(Required work) Everything from the first line of the records to the line containing "then obtain l", inclusive, is to be extracted exactly, and nothing more.

(Material for this task)

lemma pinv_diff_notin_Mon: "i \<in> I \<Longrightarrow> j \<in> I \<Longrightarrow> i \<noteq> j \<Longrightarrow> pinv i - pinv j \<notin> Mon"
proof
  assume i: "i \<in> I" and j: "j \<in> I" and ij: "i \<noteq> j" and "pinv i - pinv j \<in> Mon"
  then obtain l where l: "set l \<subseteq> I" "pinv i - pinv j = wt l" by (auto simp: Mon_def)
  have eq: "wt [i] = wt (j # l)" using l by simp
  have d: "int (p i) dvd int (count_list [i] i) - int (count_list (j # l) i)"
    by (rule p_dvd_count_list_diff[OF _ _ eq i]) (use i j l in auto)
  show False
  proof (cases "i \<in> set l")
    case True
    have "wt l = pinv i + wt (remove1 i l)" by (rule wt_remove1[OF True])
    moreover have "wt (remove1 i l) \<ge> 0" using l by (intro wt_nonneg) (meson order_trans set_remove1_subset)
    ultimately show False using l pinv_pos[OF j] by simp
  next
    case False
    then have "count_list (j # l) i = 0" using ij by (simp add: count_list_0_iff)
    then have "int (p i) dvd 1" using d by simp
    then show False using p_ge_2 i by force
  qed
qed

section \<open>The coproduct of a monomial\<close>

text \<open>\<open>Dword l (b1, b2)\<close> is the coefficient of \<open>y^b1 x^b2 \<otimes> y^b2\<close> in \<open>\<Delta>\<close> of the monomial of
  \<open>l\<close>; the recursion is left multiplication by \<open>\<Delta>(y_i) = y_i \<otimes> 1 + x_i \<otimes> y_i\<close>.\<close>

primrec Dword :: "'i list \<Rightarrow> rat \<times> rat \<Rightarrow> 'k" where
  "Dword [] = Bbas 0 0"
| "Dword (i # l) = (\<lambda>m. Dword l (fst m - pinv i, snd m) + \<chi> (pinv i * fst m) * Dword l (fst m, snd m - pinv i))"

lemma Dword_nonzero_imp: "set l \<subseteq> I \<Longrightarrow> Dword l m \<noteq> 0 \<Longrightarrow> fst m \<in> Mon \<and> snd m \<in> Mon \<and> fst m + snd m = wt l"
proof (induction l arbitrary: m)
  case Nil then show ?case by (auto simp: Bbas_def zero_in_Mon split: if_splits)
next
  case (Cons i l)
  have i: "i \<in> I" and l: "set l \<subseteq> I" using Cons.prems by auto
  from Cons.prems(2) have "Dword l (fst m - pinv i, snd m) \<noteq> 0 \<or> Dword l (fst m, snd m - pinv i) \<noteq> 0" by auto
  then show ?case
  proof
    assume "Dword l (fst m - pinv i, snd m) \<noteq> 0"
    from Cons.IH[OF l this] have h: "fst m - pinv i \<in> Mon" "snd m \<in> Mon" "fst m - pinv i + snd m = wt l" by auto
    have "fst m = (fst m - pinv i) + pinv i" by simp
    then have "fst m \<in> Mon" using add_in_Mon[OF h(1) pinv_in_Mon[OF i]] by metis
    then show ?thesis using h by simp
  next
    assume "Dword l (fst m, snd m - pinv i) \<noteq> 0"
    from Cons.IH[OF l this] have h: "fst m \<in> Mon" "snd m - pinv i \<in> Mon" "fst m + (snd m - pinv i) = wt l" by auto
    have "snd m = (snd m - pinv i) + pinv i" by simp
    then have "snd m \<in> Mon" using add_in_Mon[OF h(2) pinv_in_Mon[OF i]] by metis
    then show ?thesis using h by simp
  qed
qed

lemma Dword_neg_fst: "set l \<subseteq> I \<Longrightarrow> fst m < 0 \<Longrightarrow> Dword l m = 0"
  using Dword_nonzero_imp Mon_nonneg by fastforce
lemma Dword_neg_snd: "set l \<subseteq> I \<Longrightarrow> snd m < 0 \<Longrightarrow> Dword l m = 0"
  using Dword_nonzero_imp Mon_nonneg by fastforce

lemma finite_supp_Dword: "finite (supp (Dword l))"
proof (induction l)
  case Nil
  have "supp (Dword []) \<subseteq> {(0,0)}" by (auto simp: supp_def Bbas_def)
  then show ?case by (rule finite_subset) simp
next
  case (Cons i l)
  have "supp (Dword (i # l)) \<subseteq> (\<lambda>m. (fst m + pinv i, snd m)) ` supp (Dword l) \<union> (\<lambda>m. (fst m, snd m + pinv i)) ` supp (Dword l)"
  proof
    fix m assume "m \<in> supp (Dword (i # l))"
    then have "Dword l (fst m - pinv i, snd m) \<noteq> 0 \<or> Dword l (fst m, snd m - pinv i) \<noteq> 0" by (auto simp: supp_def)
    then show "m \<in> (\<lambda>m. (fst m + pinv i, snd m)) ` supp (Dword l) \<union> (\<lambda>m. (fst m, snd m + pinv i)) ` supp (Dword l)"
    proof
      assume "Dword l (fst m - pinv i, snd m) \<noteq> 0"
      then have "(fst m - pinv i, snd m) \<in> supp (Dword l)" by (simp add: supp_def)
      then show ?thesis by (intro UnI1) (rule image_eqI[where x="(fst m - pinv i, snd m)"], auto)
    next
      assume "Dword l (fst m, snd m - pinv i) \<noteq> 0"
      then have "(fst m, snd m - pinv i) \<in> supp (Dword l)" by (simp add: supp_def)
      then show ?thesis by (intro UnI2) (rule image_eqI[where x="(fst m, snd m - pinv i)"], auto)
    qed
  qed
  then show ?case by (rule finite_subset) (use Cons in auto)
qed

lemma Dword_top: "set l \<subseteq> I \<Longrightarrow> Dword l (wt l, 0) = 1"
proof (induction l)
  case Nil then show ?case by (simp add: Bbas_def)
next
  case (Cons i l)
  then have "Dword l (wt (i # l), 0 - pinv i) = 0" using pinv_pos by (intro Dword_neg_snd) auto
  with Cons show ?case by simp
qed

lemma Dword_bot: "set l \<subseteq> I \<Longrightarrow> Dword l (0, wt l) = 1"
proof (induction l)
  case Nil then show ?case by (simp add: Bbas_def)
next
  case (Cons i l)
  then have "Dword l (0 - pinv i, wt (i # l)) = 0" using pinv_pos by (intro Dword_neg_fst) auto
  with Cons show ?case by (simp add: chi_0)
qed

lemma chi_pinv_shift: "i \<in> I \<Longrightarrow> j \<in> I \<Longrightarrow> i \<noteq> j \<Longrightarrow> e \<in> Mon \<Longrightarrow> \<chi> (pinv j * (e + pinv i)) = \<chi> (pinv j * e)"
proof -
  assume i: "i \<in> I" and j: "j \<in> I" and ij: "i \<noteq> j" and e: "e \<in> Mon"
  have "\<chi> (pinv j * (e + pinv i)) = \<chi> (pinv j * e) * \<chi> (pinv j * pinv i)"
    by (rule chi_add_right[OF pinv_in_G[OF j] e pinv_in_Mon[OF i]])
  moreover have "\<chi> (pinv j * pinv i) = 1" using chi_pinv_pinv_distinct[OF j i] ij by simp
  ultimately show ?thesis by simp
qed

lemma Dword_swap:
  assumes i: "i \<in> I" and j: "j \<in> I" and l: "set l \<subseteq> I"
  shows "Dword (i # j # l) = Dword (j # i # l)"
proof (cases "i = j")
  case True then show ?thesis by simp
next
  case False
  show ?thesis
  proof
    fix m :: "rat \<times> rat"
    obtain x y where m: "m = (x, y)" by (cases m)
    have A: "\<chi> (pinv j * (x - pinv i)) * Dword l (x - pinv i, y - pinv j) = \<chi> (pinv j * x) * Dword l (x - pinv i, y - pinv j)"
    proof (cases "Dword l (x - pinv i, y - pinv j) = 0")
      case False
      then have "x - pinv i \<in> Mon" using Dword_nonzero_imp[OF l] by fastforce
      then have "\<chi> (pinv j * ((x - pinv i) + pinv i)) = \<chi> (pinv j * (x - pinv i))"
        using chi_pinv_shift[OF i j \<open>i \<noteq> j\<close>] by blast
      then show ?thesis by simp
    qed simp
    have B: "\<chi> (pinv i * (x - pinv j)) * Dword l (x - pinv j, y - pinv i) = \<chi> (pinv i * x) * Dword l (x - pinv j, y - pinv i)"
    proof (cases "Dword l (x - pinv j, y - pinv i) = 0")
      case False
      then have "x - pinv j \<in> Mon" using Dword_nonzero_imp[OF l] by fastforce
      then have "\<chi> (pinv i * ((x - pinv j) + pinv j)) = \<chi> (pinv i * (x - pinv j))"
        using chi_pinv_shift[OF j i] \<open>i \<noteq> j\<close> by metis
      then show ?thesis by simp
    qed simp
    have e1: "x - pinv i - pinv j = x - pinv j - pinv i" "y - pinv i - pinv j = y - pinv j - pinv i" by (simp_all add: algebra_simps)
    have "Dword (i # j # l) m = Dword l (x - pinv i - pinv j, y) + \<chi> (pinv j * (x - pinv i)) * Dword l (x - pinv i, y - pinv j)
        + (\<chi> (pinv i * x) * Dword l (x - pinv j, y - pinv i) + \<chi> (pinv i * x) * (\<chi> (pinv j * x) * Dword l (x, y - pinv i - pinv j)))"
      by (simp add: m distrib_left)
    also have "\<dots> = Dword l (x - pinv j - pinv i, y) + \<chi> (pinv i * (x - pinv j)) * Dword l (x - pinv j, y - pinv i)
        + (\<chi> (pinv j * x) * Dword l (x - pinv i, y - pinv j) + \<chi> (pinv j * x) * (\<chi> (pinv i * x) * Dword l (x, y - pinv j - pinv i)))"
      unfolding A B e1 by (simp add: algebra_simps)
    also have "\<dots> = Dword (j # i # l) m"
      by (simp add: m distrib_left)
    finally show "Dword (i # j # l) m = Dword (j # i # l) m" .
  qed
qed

(Solution to this task)
lemma pinv_diff_notin_Mon: "i \<in> I \<Longrightarrow> j \<in> I \<Longrightarrow> i \<noteq> j \<Longrightarrow> pinv i - pinv j \<notin> Mon"
proof
  assume i: "i \<in> I" and j: "j \<in> I" and ij: "i \<noteq> j" and "pinv i - pinv j \<in> Mon"
  then obtain l where l: "set l \<subseteq> I" "pinv i - pinv j = wt l" by (auto simp: Mon_def)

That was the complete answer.